## Work task
In the records below, begin at the line containing "B (act C (prd" and end at the line containing "using \<open>D_linear X"; quote every line in that span exactly, including both boundary lines, and no others.

--- Input material ---

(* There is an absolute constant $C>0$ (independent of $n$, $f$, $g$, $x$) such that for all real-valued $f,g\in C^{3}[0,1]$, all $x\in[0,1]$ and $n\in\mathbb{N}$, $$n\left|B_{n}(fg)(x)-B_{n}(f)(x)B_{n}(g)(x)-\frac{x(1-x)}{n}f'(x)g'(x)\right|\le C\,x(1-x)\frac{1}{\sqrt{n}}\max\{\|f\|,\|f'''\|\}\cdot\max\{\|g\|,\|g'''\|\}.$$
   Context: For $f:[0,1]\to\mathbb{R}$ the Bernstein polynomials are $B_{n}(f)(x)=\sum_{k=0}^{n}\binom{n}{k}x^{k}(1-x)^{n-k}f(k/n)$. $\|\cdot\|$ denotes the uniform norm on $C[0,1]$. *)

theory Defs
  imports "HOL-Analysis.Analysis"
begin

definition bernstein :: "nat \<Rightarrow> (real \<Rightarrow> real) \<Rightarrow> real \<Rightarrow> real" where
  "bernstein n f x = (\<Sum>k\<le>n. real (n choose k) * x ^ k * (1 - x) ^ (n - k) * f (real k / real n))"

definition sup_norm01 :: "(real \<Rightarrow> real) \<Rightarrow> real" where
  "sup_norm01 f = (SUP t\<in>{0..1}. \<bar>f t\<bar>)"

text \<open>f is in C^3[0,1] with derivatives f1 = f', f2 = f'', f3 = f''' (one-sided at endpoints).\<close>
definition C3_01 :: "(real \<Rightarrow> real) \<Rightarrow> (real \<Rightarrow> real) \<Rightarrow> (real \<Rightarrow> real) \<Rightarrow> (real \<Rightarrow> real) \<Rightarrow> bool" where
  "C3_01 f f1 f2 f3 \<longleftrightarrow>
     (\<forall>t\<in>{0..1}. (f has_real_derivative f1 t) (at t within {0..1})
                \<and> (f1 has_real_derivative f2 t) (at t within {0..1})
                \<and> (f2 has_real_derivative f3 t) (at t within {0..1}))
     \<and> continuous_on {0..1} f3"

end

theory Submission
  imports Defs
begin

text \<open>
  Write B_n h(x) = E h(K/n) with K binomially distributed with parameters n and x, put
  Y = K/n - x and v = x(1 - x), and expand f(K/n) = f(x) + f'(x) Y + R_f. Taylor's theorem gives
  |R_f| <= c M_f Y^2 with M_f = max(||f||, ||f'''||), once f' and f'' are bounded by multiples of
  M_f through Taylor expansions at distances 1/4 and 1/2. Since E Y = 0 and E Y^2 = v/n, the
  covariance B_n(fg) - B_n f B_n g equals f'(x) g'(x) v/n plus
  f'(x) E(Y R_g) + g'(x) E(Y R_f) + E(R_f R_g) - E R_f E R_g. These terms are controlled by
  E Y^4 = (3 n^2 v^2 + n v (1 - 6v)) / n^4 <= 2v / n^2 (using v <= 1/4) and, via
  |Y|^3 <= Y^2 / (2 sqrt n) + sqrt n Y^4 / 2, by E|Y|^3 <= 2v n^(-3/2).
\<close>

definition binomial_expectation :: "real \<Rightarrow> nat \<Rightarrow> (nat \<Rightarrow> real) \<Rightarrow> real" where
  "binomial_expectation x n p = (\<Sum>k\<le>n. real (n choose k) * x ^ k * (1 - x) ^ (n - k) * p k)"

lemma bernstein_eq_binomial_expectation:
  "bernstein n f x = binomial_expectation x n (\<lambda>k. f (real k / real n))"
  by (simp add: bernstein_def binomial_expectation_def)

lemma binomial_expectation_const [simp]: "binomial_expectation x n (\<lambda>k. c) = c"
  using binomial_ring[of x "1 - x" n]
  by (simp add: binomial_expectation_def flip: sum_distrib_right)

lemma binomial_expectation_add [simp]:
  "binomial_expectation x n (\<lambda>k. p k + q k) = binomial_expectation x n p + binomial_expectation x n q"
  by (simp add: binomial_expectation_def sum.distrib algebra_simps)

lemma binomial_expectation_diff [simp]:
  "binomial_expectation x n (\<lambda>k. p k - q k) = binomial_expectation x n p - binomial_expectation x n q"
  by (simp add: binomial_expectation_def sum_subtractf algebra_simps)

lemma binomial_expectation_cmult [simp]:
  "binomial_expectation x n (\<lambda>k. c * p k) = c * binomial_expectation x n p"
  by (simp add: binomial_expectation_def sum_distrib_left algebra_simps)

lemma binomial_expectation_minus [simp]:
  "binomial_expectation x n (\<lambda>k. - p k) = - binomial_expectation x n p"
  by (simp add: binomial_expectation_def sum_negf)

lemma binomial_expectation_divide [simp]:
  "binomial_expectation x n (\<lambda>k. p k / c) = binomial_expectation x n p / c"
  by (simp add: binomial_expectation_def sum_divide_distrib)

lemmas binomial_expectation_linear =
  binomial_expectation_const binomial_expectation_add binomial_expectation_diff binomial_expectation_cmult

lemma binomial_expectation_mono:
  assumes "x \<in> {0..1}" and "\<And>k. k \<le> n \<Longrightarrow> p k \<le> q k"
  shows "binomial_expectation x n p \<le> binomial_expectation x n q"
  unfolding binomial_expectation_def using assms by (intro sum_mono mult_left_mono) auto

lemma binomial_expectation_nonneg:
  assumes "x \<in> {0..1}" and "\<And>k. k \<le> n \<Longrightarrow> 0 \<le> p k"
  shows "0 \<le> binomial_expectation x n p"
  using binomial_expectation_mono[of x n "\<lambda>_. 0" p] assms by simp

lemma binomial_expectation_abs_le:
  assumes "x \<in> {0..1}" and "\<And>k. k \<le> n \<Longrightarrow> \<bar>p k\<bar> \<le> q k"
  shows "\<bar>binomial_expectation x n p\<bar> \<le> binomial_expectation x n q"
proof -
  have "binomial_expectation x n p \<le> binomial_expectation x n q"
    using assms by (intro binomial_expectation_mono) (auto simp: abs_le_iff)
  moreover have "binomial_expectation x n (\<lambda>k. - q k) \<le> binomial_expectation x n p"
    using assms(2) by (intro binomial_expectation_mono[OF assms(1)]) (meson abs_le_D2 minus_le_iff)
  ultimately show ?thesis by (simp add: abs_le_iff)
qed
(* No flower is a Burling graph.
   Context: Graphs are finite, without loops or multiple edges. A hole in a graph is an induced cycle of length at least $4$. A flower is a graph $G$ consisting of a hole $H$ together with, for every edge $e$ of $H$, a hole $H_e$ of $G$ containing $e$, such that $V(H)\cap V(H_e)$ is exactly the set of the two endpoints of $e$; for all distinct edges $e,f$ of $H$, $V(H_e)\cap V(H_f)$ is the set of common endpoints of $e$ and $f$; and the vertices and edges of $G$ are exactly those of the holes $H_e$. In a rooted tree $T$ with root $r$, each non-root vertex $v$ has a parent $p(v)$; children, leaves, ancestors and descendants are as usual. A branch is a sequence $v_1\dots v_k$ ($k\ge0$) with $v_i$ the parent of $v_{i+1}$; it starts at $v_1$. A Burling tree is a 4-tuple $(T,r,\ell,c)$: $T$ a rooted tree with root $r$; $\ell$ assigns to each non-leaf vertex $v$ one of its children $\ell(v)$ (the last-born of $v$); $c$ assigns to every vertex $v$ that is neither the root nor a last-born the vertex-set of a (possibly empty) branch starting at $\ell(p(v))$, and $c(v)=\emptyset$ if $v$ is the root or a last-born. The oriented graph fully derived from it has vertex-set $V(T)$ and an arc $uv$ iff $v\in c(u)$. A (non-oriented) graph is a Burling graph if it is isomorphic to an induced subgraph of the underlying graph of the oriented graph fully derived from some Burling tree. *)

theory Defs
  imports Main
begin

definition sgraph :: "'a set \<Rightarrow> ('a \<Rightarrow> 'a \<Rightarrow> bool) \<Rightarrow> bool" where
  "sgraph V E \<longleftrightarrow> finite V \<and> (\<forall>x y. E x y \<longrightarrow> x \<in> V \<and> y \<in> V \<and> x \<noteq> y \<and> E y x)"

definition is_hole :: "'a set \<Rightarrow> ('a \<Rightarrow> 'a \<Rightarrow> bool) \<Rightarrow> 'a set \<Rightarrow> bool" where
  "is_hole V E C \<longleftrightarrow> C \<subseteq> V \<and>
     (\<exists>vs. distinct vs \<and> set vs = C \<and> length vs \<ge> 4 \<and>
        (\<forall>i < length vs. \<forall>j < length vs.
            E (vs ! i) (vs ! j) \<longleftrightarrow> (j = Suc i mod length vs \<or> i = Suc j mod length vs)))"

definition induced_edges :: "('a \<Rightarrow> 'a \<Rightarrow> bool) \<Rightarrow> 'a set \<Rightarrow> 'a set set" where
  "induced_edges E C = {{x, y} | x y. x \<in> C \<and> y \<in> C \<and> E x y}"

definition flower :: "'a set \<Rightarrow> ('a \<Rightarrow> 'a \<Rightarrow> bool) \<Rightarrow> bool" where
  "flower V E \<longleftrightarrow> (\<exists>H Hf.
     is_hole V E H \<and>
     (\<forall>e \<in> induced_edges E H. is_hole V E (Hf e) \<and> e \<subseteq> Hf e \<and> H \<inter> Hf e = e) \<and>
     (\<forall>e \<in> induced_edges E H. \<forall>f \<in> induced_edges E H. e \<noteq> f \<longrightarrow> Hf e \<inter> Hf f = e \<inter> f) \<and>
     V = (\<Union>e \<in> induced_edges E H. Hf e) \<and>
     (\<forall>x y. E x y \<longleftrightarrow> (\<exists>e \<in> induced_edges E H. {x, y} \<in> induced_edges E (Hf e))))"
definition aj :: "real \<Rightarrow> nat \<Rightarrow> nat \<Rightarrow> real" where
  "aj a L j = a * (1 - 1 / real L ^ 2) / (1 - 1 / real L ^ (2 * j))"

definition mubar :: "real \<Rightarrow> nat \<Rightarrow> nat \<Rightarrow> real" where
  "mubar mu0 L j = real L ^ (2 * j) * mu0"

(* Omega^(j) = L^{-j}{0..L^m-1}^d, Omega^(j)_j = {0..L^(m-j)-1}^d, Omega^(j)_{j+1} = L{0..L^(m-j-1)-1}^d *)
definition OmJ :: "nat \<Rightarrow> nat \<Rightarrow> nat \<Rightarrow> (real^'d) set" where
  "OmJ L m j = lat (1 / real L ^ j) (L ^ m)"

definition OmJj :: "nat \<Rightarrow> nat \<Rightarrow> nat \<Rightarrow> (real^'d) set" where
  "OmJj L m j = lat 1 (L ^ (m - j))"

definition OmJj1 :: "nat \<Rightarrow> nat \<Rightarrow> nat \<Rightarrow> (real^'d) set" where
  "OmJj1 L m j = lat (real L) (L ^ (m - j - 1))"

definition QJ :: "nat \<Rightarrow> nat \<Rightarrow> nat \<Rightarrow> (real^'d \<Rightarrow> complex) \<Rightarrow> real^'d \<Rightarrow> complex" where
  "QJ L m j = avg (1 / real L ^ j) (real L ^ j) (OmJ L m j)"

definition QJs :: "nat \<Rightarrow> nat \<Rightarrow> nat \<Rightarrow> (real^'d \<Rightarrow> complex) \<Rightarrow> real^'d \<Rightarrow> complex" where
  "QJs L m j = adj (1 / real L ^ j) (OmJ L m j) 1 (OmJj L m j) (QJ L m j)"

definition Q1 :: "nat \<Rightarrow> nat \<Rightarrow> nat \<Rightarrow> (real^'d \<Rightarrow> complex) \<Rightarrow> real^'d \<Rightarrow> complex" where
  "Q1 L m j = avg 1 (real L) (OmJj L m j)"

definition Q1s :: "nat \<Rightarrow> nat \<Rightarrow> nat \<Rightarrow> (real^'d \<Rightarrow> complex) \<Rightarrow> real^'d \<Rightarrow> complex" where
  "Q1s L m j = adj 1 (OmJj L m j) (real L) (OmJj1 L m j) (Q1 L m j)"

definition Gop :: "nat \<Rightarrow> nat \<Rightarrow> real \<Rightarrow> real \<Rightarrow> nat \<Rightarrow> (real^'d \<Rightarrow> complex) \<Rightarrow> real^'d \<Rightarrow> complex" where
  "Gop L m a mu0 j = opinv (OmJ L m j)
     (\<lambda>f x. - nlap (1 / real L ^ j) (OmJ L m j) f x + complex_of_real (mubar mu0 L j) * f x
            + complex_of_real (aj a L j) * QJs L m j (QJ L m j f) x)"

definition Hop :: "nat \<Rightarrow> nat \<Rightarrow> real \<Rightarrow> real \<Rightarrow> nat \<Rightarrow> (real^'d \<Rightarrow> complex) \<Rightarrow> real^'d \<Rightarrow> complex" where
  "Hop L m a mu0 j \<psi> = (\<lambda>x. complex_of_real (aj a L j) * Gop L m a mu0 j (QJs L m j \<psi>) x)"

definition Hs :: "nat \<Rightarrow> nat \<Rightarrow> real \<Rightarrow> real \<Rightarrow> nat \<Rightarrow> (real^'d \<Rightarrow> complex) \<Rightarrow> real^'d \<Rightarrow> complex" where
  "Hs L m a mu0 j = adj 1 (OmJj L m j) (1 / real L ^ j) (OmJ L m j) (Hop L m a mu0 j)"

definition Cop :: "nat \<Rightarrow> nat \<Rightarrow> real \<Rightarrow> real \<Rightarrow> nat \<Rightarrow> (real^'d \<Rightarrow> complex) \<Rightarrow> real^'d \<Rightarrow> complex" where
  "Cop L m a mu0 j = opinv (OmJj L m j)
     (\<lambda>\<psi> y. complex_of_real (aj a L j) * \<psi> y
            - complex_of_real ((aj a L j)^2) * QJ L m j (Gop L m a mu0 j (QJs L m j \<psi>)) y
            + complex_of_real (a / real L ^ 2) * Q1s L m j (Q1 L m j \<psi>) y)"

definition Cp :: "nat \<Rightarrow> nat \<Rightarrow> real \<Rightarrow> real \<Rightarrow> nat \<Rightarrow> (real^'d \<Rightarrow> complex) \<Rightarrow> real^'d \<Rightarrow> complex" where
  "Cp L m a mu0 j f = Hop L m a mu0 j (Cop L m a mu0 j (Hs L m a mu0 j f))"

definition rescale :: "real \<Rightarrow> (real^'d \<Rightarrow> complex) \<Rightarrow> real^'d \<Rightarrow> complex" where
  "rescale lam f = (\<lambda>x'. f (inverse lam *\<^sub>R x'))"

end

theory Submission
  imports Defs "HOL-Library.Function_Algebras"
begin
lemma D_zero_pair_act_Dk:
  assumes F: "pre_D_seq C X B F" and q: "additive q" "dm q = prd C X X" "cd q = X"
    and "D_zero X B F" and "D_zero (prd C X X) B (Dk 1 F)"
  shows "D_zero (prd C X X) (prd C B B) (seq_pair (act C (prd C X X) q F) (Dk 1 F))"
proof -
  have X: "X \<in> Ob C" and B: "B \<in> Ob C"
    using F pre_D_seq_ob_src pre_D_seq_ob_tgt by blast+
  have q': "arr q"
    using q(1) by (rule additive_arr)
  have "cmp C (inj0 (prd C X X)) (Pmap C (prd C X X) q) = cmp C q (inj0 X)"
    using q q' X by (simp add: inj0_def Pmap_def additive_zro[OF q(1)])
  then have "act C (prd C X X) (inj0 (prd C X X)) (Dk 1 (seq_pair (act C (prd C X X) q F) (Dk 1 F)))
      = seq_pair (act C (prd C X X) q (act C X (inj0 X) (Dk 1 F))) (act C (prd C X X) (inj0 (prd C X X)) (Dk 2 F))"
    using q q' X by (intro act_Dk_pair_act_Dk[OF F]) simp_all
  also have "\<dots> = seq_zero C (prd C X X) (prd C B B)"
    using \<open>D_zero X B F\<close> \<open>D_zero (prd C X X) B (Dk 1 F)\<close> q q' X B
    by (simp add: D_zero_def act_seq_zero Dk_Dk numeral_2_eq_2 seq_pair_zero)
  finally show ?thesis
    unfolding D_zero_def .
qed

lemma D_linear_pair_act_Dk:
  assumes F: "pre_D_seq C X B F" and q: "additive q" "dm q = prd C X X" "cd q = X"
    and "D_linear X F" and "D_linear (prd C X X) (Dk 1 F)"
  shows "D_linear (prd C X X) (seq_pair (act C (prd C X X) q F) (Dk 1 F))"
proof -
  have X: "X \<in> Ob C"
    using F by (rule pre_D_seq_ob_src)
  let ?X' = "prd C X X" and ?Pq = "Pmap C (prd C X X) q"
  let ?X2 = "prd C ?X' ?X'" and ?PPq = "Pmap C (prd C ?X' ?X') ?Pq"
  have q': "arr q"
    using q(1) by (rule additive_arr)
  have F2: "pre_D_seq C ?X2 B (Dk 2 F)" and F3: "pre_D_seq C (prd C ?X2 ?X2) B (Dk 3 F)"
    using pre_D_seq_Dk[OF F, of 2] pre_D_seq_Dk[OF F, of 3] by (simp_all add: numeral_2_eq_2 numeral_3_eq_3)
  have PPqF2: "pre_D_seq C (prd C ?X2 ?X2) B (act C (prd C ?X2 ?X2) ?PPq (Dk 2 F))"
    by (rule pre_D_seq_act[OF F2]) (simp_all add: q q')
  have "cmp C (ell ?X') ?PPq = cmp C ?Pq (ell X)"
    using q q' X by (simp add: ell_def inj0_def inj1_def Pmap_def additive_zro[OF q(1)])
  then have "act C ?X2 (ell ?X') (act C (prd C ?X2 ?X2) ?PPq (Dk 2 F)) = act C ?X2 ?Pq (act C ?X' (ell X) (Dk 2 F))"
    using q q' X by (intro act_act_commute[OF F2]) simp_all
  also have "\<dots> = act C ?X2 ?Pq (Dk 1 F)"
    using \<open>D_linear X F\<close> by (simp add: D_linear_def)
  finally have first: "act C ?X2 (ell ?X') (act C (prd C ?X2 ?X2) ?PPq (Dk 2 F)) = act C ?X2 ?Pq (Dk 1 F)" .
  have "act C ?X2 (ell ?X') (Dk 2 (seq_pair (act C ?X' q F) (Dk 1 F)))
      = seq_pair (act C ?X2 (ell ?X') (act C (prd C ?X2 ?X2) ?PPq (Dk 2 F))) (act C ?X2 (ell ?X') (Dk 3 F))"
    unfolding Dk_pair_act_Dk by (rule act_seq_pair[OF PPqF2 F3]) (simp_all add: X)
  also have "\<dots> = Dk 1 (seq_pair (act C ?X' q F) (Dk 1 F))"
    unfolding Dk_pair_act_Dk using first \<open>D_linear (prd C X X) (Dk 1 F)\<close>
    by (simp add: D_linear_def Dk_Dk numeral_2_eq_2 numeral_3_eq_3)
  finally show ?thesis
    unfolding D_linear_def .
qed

---

## Response for this exercise
  have PPqF2: "pre_D_seq C (prd C ?X2 ?X2) B (act C (prd C ?X2 ?X2) ?PPq (Dk 2 F))"
    by (rule pre_D_seq_act[OF F2]) (simp_all add: q q')
  have "cmp C (ell ?X') ?PPq = cmp C ?Pq (ell X)"
    using q q' X by (simp add: ell_def inj0_def inj1_def Pmap_def additive_zro[OF q(1)])
  then have "act C ?X2 (ell ?X') (act C (prd C ?X2 ?X2) ?PPq (Dk 2 F)) = act C ?X2 ?Pq (act C ?X' (ell X) (Dk 2 F))"
    using q q' X by (intro act_act_commute[OF F2]) simp_all
  also have "\<dots> = act C ?X2 ?Pq (Dk 1 F)"
    using \<open>D_linear X F\<close> by (simp add: D_linear_def)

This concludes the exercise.